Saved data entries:
■ ■ ■ ■

(*
  The operator e^A: pick a sequence y l in Y0 that visits every nonempty open set infinitely
  often, and thresholds M l beyond which all finite tails of the series of S^n (y i) and of
  e^(nA) (y i), i <= l, have norm below 4^-l. Cut the naturals into blocks whose levels each
  occur with positive lower density and which are separated by gaps longer than the
  thresholds, and let x be the sum over all blocks j of S^(p j) (y (lev j)), p j the start of
  block j. Because e^A S = id, e^(p j A) x is y (lev j) plus tails of the two series, hence
  within 4 * 2^-(lev j) of y (lev j); so every open set is visited along a set of positive
  lower density.

  The semigroup: e^((n + s) A) (C x) = W s (e^(nA) x), and W s, 0 <= s <= 1, are uniformly
  bounded by the Banach-Steinhaus theorem. If e^(nA) x is close to some v with C v in U
  (Im C is dense), then W s (e^(nA) x) stays in U for all s in an interval [0, delta], which
  turns the positive lower density of these n into positive lower density of times in U.
*)
theory Submission
  imports Defs
begin

section \<open>Blocks whose levels have positive lower density\<close>

lemma card_multiples_atLeastAtMost:
  fixes d J :: nat assumes "d > 0"
  shows "card {i \<in> {1..J}. d dvd i} = J div d"
proof -
  have "{i \<in> {1..J}. d dvd i} = (\<lambda>t. d * t) ` {1..J div d}"
  proof (intro set_eqI iffI)
    fix i assume "i \<in> {i \<in> {1..J}. d dvd i}"
    then obtain t where t: "i = d * t" "1 \<le> i" "i \<le> J" by (auto elim: dvdE)
    have "1 \<le> t" using t by (cases t) auto
    moreover have "t \<le> J div d"
      using div_le_mono[OF \<open>i \<le> J\<close>, of d] assms t(1) by simp
    ultimately show "i \<in> (\<lambda>t. d * t) ` {1..J div d}" using t by auto
  next
    fix i assume "i \<in> (\<lambda>t. d * t) ` {1..J div d}"
    then obtain t where "t \<in> {1..J div d}" "i = d * t" by blast
    hence t: "i = d * t" "1 \<le> t" "t \<le> J div d" by auto
    have "d * t \<le> d * (J div d)" using t by simp
    also have "\<dots> \<le> J" by simp
    finally show "i \<in> {i \<in> {1..J}. d dvd i}" using t assms by simp
  qed
  moreover have "inj_on (\<lambda>t. d * t) {1..J div d}" using assms by (auto simp: inj_on_def)
  ultimately show ?thesis by (simp add: card_image)
qed
lemma prod_theta_overlap:
  fixes \<rho> :: "real \<Rightarrow> real"
  assumes "\<rho> 0 = 1" "k \<in> {1..s}"
  shows "(\<Prod>i<r * s. exp (lam * (\<rho> ((theta r \<delta> k i - 1/2) * (theta r \<delta> k' i - 1/2)) - 1)))
       = (if k = k' then exp (lam * r * (\<rho> (\<delta>\<^sup>2) - 1)) else 1)"
proof (cases "k = k'")
  case True
  let ?B = "{(k - 1) * r..<k * r}"
  have block: "?B \<subseteq> {..<r * s}"
    using assms(2) by (auto simp: mult.commute intro: less_le_trans)
  have "(\<Prod>i<r * s. exp (lam * (\<rho> ((theta r \<delta> k i - 1/2) * (theta r \<delta> k' i - 1/2)) - 1)))
      = (\<Prod>i<r * s. if i \<in> ?B then exp (lam * (\<rho> (\<delta>\<^sup>2) - 1)) else 1)"
    using True assms(1) by (intro prod.cong) (simp_all add: theta_overlap)
  also have "\<dots> = (\<Prod>i\<in>?B. exp (lam * (\<rho> (\<delta>\<^sup>2) - 1)))"
    by (simp only: prod.inter_restrict[OF finite_lessThan, symmetric] Int_absorb1[OF block])
  also have "\<dots> = exp (lam * r * (\<rho> (\<delta>\<^sup>2) - 1))"
    using assms(2) by (simp add: diff_mult_distrib exp_of_nat_mult[symmetric] algebra_simps)
  finally show ?thesis
    using True by simp
qed (use assms(1) in \<open>simp add: theta_overlap\<close>)

lemma block_mixture_second_moment:
  fixes \<rho> :: "real \<Rightarrow> real"
  assumes "\<rho> 0 = 1" "0 < s"
  shows "(\<Sum>k\<in>{1..s}. \<Sum>k'\<in>{1..s}. \<Prod>i<r * s. exp (lam * (\<rho> ((theta r \<delta> k i - 1/2) * (theta r \<delta> k' i - 1/2)) - 1)))
           / (real (card {1..s}))\<^sup>2
       = 1 + (exp (lam * r * (\<rho> (\<delta>\<^sup>2) - 1)) - 1) / s"
proof -
  let ?e = "exp (lam * r * (\<rho> (\<delta>\<^sup>2) - 1))"
  have "(\<Sum>k\<in>{1..s}. \<Sum>k'\<in>{1..s}. \<Prod>i<r * s. exp (lam * (\<rho> ((theta r \<delta> k i - 1/2) * (theta r \<delta> k' i - 1/2)) - 1)))
      = (\<Sum>k\<in>{1..s}. \<Sum>k'\<in>{1..s}. 1 + (if k = k' then ?e - 1 else 0))"
    using assms(1) by (intro sum.cong refl) (simp add: prod_theta_overlap)
  also have "\<dots> = real s * real s + real s * (?e - 1)"
    by (simp add: sum.distrib distrib_left)
  finally show ?thesis
    using assms(2) by (simp add: field_simps power2_eq_square)
qed
lemma card_PiE_missing_rotation:
  assumes "finite J" "distinct ys"
  shows "card {z \<in> J \<rightarrow>\<^sub>E permutations_of_set (set ys). \<exists>j<length ys. \<forall>i\<in>J. z i \<noteq> rotate j ys}
      + (\<Sum>k=0..card J. (card J choose k) * (Stirling k (length ys) * fact (length ys))
          * (fact (length ys) - length ys) ^ (card J - k))
    = fact (length ys) ^ card J"
proof -
  let ?W = "J \<rightarrow>\<^sub>E permutations_of_set (set ys)"
  let ?R = "(\<lambda>j. rotate j ys) ` {0..<length ys}"
  have card_R: "card ?R = length ys"
    using card_image[OF inj_on_rotate[OF assms(2)]] by simp
  have R: "?R \<subseteq> permutations_of_set (set ys)"
    using assms(2) by (auto simp: permutations_of_set_def)
  have "{z \<in> ?W. \<exists>j<length ys. \<forall>i\<in>J. z i \<noteq> rotate j ys} = ?W - {z \<in> ?W. ?R \<subseteq> z ` J}"
    unfolding image_subset_iff image_iff atLeastLessThan_iff by force
  then have "card {z \<in> ?W. \<exists>j<length ys. \<forall>i\<in>J. z i \<noteq> rotate j ys} + card {z \<in> ?W. ?R \<subseteq> z ` J}
      = card ?W"
    using assms(1) by (simp add: card_Diff_subset finite_PiE card_mono)
  then show ?thesis
    unfolding card_PiE_covering[OF assms(1) finite_permutations_of_set R] card_R card_funcsetE[OF assms(1)]
      card_permutations_of_set[OF finite_set] distinct_card[OF assms(2)] .
qed

section \<open>Blocks of consecutive alternatives\<close>

lemma profiles_eq_PiE: "profiles A I = {0..<I} \<rightarrow>\<^sub>E permutations_of_set {0..<A}"
  unfolding profiles_def preferences_def permutations_of_set_def by (simp add: conj_commute)

lemma div_eq_iff_mem_block:
  fixes x m b :: nat
  assumes "0 < m"
  shows "x div m = b \<longleftrightarrow> x \<in> {b * m..<b * m + m}"
proof
  assume "x div m = b"
  then show "x \<in> {b * m..<b * m + m}"
    using div_times_less_eq_dividend[of x m] div_less_iff_less_mult[OF assms, of x "Suc b"] by auto
next
  assume "x \<in> {b * m..<b * m + m}"
  then show "x div m = b"
    by (intro div_nat_eqI) (auto simp: mult.commute)
qed

lemma block_eq_atLeastLessThan:
  fixes A m b :: nat
  assumes "0 < m" "b < A div m"
  shows "{x \<in> {0..<A}. x div m = b} = {b * m..<b * m + m}"
proof -
  have "Suc b * m \<le> A div m * m"
    using assms(2) by (intro mult_le_mono1) simp
  also have "\<dots> \<le> A"
    by (rule div_times_less_eq_dividend)
  finally show ?thesis
    using div_eq_iff_mem_block[OF assms(1)] by auto
qed

definition block_rotations_occur :: "nat \<Rightarrow> nat \<Rightarrow> (nat \<Rightarrow> nat list) \<Rightarrow> nat \<Rightarrow> bool" where
  "block_rotations_occur I m P b \<longleftrightarrow>
     (\<forall>j<m. \<exists>i<I. filter (\<lambda>x. x div m = b) (P i) = rotate j [b * m..<b * m + m])"
lemma vandermonde_fourth_root_gain:
  fixes x1 y1 x2 y2 :: nat and s :: real
  assumes spos: "0 < s" and s: "4 \<le> s powr (1/4)"
    and M: "sqrt s \<le> real x1" "sqrt s \<le> real y1" "sqrt s \<le> real x2" "sqrt s \<le> real y2"
  shows "s powr (1/4) / 4 * (real ((x1+y1) choose x1) * real ((x2+y2) choose x2))
    \<le> real ((x1+y1+x2+y2) choose (x1+x2))"
proof -
  define M where "M = min (min x1 y1) (min x2 y2)"
  define D where "D = nat \<lfloor>s powr (1/4) / 4\<rfloor>"
  have floor: "1 \<le> \<lfloor>s powr (1/4) / 4\<rfloor>"
    using s by (simp add: le_floor_iff)
  then have D1: "1 \<le> D" unfolding D_def by linarith
  have "real D = of_int \<lfloor>s powr (1/4) / 4\<rfloor>"
    unfolding D_def using floor by simp
  then have D: "real D \<le> s powr (1/4) / 4" "s powr (1/4) / 4 \<le> 1 + real D"
    by linarith+
  have "(s powr (1/4))^2 = sqrt s"
    using spos by (simp add: power2_eq_square flip: powr_add powr_half_sqrt)
  then have "real D ^ 2 \<le> sqrt s / 16"
    using power_mono[OF D(1), of 2] D1 by (simp add: power_divide)
  moreover have "sqrt s \<le> real M"
    using M by (simp add: M_def)
  ultimately have "11 * real D ^ 2 \<le> real M"
    using spos by simp
  then have DM: "11 * D ^ 2 \<le> M"
    by (metis of_nat_le_iff of_nat_mult of_nat_numeral of_nat_power)
  moreover have "D \<le> D ^ 2"
    by (simp add: power2_eq_square)
  ultimately have "D \<le> M" by linarith
  then have "(1 + 1 * real D) * (real ((x1+y1) choose x1) * real ((x2+y2) choose x2))
      \<le> real ((x1+y1+x2+y2) choose (x1+x2))"
    using shift_ratio_pow_ge_quarter[OF D1 DM]
    by (intro vandermonde_window_gain[where M = M]) (auto simp: M_def)
  moreover have "s powr (1/4) / 4 * (real ((x1+y1) choose x1) * real ((x2+y2) choose x2))
      \<le> (1 + 1 * real D) * (real ((x1+y1) choose x1) * real ((x2+y2) choose x2))"
    using D by (intro mult_right_mono) auto
  ultimately show ?thesis by linarith
qed
(* Consider the linear family $F_\theta=\theta^\top\psi$, $\theta\in\Theta\subset\mathbb R^d$, and assume (A2) and (A4). Let $\Gamma_0(\theta)=\Lambda_0(F_\theta)-\pi^1(F_\theta)$ and $\Gamma(\theta)=\Gamma_0(\theta)+\tfrac12(v^\top\theta)^2$. Let $\theta^\circ$ be a minimizer of $\Gamma$, let $r^\circ=\varrho_a-\Lambda_0(F_{\theta^\circ})$ and $\theta^*=\theta^\circ+r^\circ v$, and suppose $\theta^*\in\Theta$. Then $\theta^*$ is a global minimizer over $\Theta$ of $\theta\mapsto\bar J^*_\infty(\kappa;\theta)$, for every $\kappa>1$.
   Context: Setting: $(\mathsf Y,\mathcal B)$ measurable space; $X^0,X^1$ mutually independent stationary $\mathsf Y$-valued processes with marginals $\pi^0,\pi^1$, independent of a change time $\tau_a$; $\nu(G)=\int G\,d\nu$. $\Lambda_0(G)=\lim_n\frac1n\log E[\exp(\sum_{k=0}^{n-1}G(X^0_k))]$. $\psi=(\psi^1,\dots,\psi^d):\mathsf Y\to\mathbb R^d$ is a fixed measurable function. (A2): for some $\varrho_a\in(0,\infty)$, $\lim_n\frac1n\log P\{\tau_a\ge n\}=-\varrho_a$. (A3) for a function $F$: with $\Upsilon_0(\vartheta)=\Lambda_0(\vartheta F)$, $F$ belongs to the class $\mathcal G$ (functions for which the cumulant generating functions for $X^0,X^1$ exist finitely and the twisted marginals, twisted processes and relative entropy rates exist); there exist $\vartheta_+>\vartheta_0>0$ with $\Upsilon_0(\vartheta_0)=0$, $\Upsilon_0(\vartheta_+)=\varrho_a$; $\Upsilon_0$ is finite and $C^1$ near $[0,\vartheta_+]$; $\vartheta F\in\mathcal G$ for $\vartheta$ near $[0,\vartheta_+]$. (A4) for the family $\{F_\theta\}$: $\Theta$ is open and $F_\theta$ satisfies (A3) for each $\theta$; (i) $\psi_\theta=\nabla_\theta F_\theta$ (here $=\psi$) has components in $\mathcal G$; (ii) $(\vartheta,\theta)\mapsto\Lambda_0(\vartheta F_\theta)$ is $C^1$ on a neighborhood of $\{(\vartheta,\theta):\vartheta\in[0,\vartheta_+^\theta],\theta\in\Theta\}$; (iii) there is $v\in\mathbb R^d$ with $v^\top\psi\equiv1$. Notation: $\vartheta_+^\theta>\vartheta_0^\theta>0$ solve $\Lambda_0(\vartheta_0^\theta F_\theta)=0$, $\Lambda_0(\vartheta_+^\theta F_\theta)=\varrho_a$; $m_1^\theta=\pi^1(F_\theta)$ (assumed positive); $\bar J^*_\infty(\kappa;\theta)=\frac{1}{m_1^\theta\vartheta_+^\theta}\log\kappa$. *)

theory Defs
  imports "HOL-Probability.Probability"
begin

■ ■ ■ ■

* Task item *
Starting at the first line of the data above, please restate word for word every line up to and including the one that holds "using t by simp", and add nothing else.

* Exercise answer *
(*
  The operator e^A: pick a sequence y l in Y0 that visits every nonempty open set infinitely
  often, and thresholds M l beyond which all finite tails of the series of S^n (y i) and of
  e^(nA) (y i), i <= l, have norm below 4^-l. Cut the naturals into blocks whose levels each
  occur with positive lower density and which are separated by gaps longer than the
  thresholds, and let x be the sum over all blocks j of S^(p j) (y (lev j)), p j the start of
  block j. Because e^A S = id, e^(p j A) x is y (lev j) plus tails of the two series, hence
  within 4 * 2^-(lev j) of y (lev j); so every open set is visited along a set of positive
  lower density.

  The semigroup: e^((n + s) A) (C x) = W s (e^(nA) x), and W s, 0 <= s <= 1, are uniformly
  bounded by the Banach-Steinhaus theorem. If e^(nA) x is close to some v with C v in U
  (Im C is dense), then W s (e^(nA) x) stays in U for all s in an interval [0, delta], which
  turns the positive lower density of these n into positive lower density of times in U.
*)
theory Submission
  imports Defs
begin

section \<open>Blocks whose levels have positive lower density\<close>

lemma card_multiples_atLeastAtMost:
  fixes d J :: nat assumes "d > 0"
  shows "card {i \<in> {1..J}. d dvd i} = J div d"
proof -
  have "{i \<in> {1..J}. d dvd i} = (\<lambda>t. d * t) ` {1..J div d}"
  proof (intro set_eqI iffI)
    fix i assume "i \<in> {i \<in> {1..J}. d dvd i}"
    then obtain t where t: "i = d * t" "1 \<le> i" "i \<le> J" by (auto elim: dvdE)
    have "1 \<le> t" using t by (cases t) auto
    moreover have "t \<le> J div d"
      using div_le_mono[OF \<open>i \<le> J\<close>, of d] assms t(1) by simp
    ultimately show "i \<in> (\<lambda>t. d * t) ` {1..J div d}" using t by auto
  next
    fix i assume "i \<in> (\<lambda>t. d * t) ` {1..J div d}"
    then obtain t where "t \<in> {1..J div d}" "i = d * t" by blast
    hence t: "i = d * t" "1 \<le> t" "t \<le> J div d" by auto
    have "d * t \<le> d * (J div d)" using t by simp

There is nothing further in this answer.